Ярый дождь, раскисший подъезд и сбитая по пути птица. Так начинались мои весенние недели в деревне Кедрач, в позабытом доме у кромки леса, где когда-то давно жил мой дед.
В эти дни последней декады апреля здесь должно быть тихо и нелюдимо. Рано было дачникам наезжать-набегать-наскакивать. А постоянных жителей, по рассказам отца, можно было разглядеть лишь по ночам, замечая редкий свет в окнах и едва уловимый туман дымоходов.
Я хотел дописать книгу и надеялся, что мрачный сруб в глуши будет лучшим для уединения местом. Мы не ездили сюда с отцом. Он не любил этот дом и всегда без меня навещал деда. Давным-давно что-то между ними произошло, и отец так никогда и не рассказал мне об этом.
Дожди заливали всю неделю, а еще все дни стоял туман. Я сидел в заточении и писал роман, радуясь, что унылая погода помогает работать и что можно никуда не ходить, ни на что не отвлекаться. Наступило время моих, никому не обещанных, собственных минут.
Ночи здесь тихие. А тут еще и дождь моноторит своим необрывным касанием. Воздух – чистый, не надышаться. Проваливаешься сразу в сон и пробуждаешься утром, точно проспал неделю.
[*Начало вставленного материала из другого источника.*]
definition coeff_ok :: "real \<Rightarrow> (real \<Rightarrow> real^3^3) \<Rightarrow> real \<Rightarrow> real \<Rightarrow> bool" where
  "coeff_ok h C \<alpha> \<beta> \<longleftrightarrow> 0 < \<alpha> \<and> 0 < \<beta> \<and>
     (\<forall>i j. (\<lambda>x. indicator {0..h} x * (C x $ i $ j)) \<in> borel_measurable lborel) \<and>
     (\<forall>x\<in>{0..h}. transpose (C x) = C x \<and>
        (\<forall>\<xi>. \<alpha> * (norm \<xi>)\<^sup>2 \<le> (C x *v \<xi>) \<bullet> \<xi> \<and> (C x *v \<xi>) \<bullet> \<xi> \<le> \<beta> * (norm \<xi>)\<^sup>2))"

end

theory Submission
  imports Defs "HOL-Library.Function_Algebras"
begin

text \<open>
  The discrete problem is a square linear system on the finite dimensional space
  \<open>V = V\<^sub>p\<^sup>4\<close>, so it suffices to show that its bilinear form is nondegenerate. Testing the
  homogeneous system with \<open>(-n, -m, u, r)\<close> makes the derivative couplings cancel by symmetry of
  the \<open>L\<^sup>2\<close> product and the cross product couplings by antisymmetry, leaving
  \<open>(C\<^sub>n\<^sup>-\<^sup>1 n, n) + (C\<^sub>m\<^sup>-\<^sup>1 m, m) + \<tau>\<langle>u, u\<rangle> + \<tau>\<langle>r, r\<rangle> = 0\<close>. Hence \<open>n = m = 0\<close> and \<open>u\<close>, \<open>r\<close>
  vanish at both endpoints. The remaining equations say that \<open>u\<close> and \<open>r\<close> are orthogonal to all
  derivatives of \<open>V\<^sub>p\<close>; choosing the test function \<open>u'\<close> (resp. \<open>r'\<close>) and integrating by parts
  gives \<open>\<parallel>u'\<parallel> = \<parallel>r'\<parallel> = 0\<close>, so they are constant, hence zero.
\<close>

section \<open>Linear algebra on finite dimensional subspaces\<close>

instantiation "fun" :: (type, real_vector) real_vector
begin
definition scaleR_fun :: "real \<Rightarrow> ('a \<Rightarrow> 'b) \<Rightarrow> 'a \<Rightarrow> 'b" where
  "scaleR_fun c f = (\<lambda>x. c *\<^sub>R f x)"
instance by standard (auto simp: scaleR_fun_def fun_eq_iff scaleR_add_right scaleR_add_left)
end

lemma scaleR_fun_apply [simp]: "(c *\<^sub>R f) x = c *\<^sub>R f x"
  by (simp add: scaleR_fun_def)

text \<open>Linearity relative to a subset: the \<open>L\<^sup>2\<close> pairing of the edge is only linear on
  integrable arguments.\<close>
definition linear_on :: "'a::real_vector set \<Rightarrow> ('a \<Rightarrow> 'b::real_vector) \<Rightarrow> bool" where
  "linear_on V f \<longleftrightarrow> (\<forall>x\<in>V. \<forall>y\<in>V. \<forall>c. f (x + c *\<^sub>R y) = f x + c *\<^sub>R f y)"

lemma linear_onD: "linear_on V f \<Longrightarrow> x \<in> V \<Longrightarrow> y \<in> V \<Longrightarrow> f (x + c *\<^sub>R y) = f x + c *\<^sub>R f y"
  by (simp add: linear_on_def)

lemma linear_on_0:
  assumes "subspace V" "linear_on V f"
  shows "f 0 = 0"
  using linear_onD[OF assms(2), of 0 0 1] subspace_0[OF assms(1)] by simp

lemma linear_on_sum:
  assumes V: "subspace V" and f: "linear_on V f" and S: "finite S" "S \<subseteq> V"
  shows "f (\<Sum>b\<in>S. c b *\<^sub>R b) = (\<Sum>b\<in>S. c b *\<^sub>R f b)"
  using S
proof (induction S rule: finite_induct)
  case empty
  then show ?case using linear_on_0[OF V f] by simp
next
  case (insert b S)
  have "(\<Sum>b\<in>S. c b *\<^sub>R b) \<in> V"
    using insert.prems by (intro subspace_sum[OF V] subspace_scale[OF V]) auto
  with insert show ?case
    using linear_onD[OF f, of "\<Sum>b\<in>S. c b *\<^sub>R b" b "c b"] by (simp add: add.commute)
qed

lemma linear_on_sum_span:
  assumes "finite B" "linear_on (span B) F"
  shows "F (\<Sum>b\<in>B. c b *\<^sub>R b) = (\<Sum>b\<in>B. c b *\<^sub>R F b)"
  using linear_on_sum[OF subspace_span assms(2) assms(1) span_superset] .

lemma linear_on_span_eqI:
  assumes A: "finite A" and f: "linear_on (span A) f" and g: "linear_on (span A) g"
    and eq: "\<And>a. a \<in> A \<Longrightarrow> f a = g a" and y: "y \<in> span A"
  shows "f y = g y"
proof -
  obtain c where "y = (\<Sum>a\<in>A. c a *\<^sub>R a)"
    using y span_finite[OF A] by auto
  then show ?thesis
    using linear_on_sum[OF subspace_span f A span_superset] linear_on_sum[OF subspace_span g A span_superset]
    by (simp add: eq)
qed

lemma subspace_finite_basis:
  assumes "subspace V" "finite E" "V \<subseteq> span E"
  obtains A where "finite A" "independent A" "span A = V"
proof -
  obtain A where A: "A \<subseteq> V" "independent A" "V \<subseteq> span A"
    using basis_exists[of V] by metis
  show ?thesis
  proof (rule that)
    show "finite A"
      using independent_span_bound[OF assms(2) A(2)] A(1) assms(3) by blast
    show "span A = V"
      by (rule span_subspace[OF A(1) A(3) assms(1)])
  qed (rule A(2))
qed

lemma Times_subset_span:
  assumes "S \<subseteq> span E" "T \<subseteq> span F"
  shows "S \<times> T \<subseteq> span (E \<times> {0} \<union> {0} \<times> F)"
proof clarify
  fix s t assume "s \<in> S" "t \<in> T"
  then have "(s, 0) \<in> span (E \<times> {0})" "(0, t) \<in> span ({0} \<times> F)"
    using assms by (auto simp: span_Times_sing1 span_Times_sing2)
  then have "(s, 0) + (0, t) \<in> span (E \<times> {0} \<union> {0} \<times> F)"
    using span_mono[of "E \<times> {0}" "E \<times> {0} \<union> {0} \<times> F"] span_mono[of "{0} \<times> F" "E \<times> {0} \<union> {0} \<times> F"]
    by (intro span_add) auto
  then show "(s, t) \<in> span (E \<times> {0} \<union> {0} \<times> F)"
    by simp
qed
В седьмую ночь по приезде снилось мне, что еду я неспешно по трассе, поворачиваю на Кедрач, а на указателе буквы «ка», «эр» и «че» выцвели и облупились. Новое слово на знаке навело на мысль, что действительно было бы уже хорошо добраться до места и поесть, а то скоро четыре часа без отдыха. Только повернул, ни с того ни с сего занялась непогода: начал заливать дождь, небо замутило, зарокотал гром, запарила дорога. Кромешно стало кругом, темно, вдаль ничего не разглядишь. Фонари не спасают, дворники туда-сюда – не справляются. Вдруг, откуда-то справа, из чащи птица мелкая выскакивает. И прямо под колеса. Видно, хотела проскочить, да не успела. Накрутило ее на колесо и выбросило на боковое зеркало. Останавливаюсь, зажигаю аварийный свет. Дождь сечет, гром распекает. Смотрю, а на зеркале у меня и не птица, а кот смоляной с вороненком в зубах. Пасть в крови, зубы изломаны, хрипит. От этого ужаса я и проснулся…
Стал думать и вспоминать. Ведь было дело, сбил кого-то на подъезде, но не кошку. Точно не кошку, так, птицу скорее, налетел на какой-то пустяк, даже царапин не осталось. Слышу вдруг, кто-то надо мной надрывно начинает мяучить. Точно. Дождь стучит, а наверху кто-то мяучит, не усмиряется.
Выполз я из кровати, достал фонарь, подхватил полено. Тапок не нашел, но можно и без них. Отправился прочь на звуки. Отец прежде рассказывал, что в доме был чердак, там дед устроил дагерротипную лабораторию, где возился со снимками и аппаратурой. Туда, наверное, и пробралась зверина. Дед залезал на чердак через вход над кухней, но отец после странного исчезновения деда этот лаз заколотил. Теперь остался лишь вход с улицы – по дворовой лестнице с боковой стороны дома.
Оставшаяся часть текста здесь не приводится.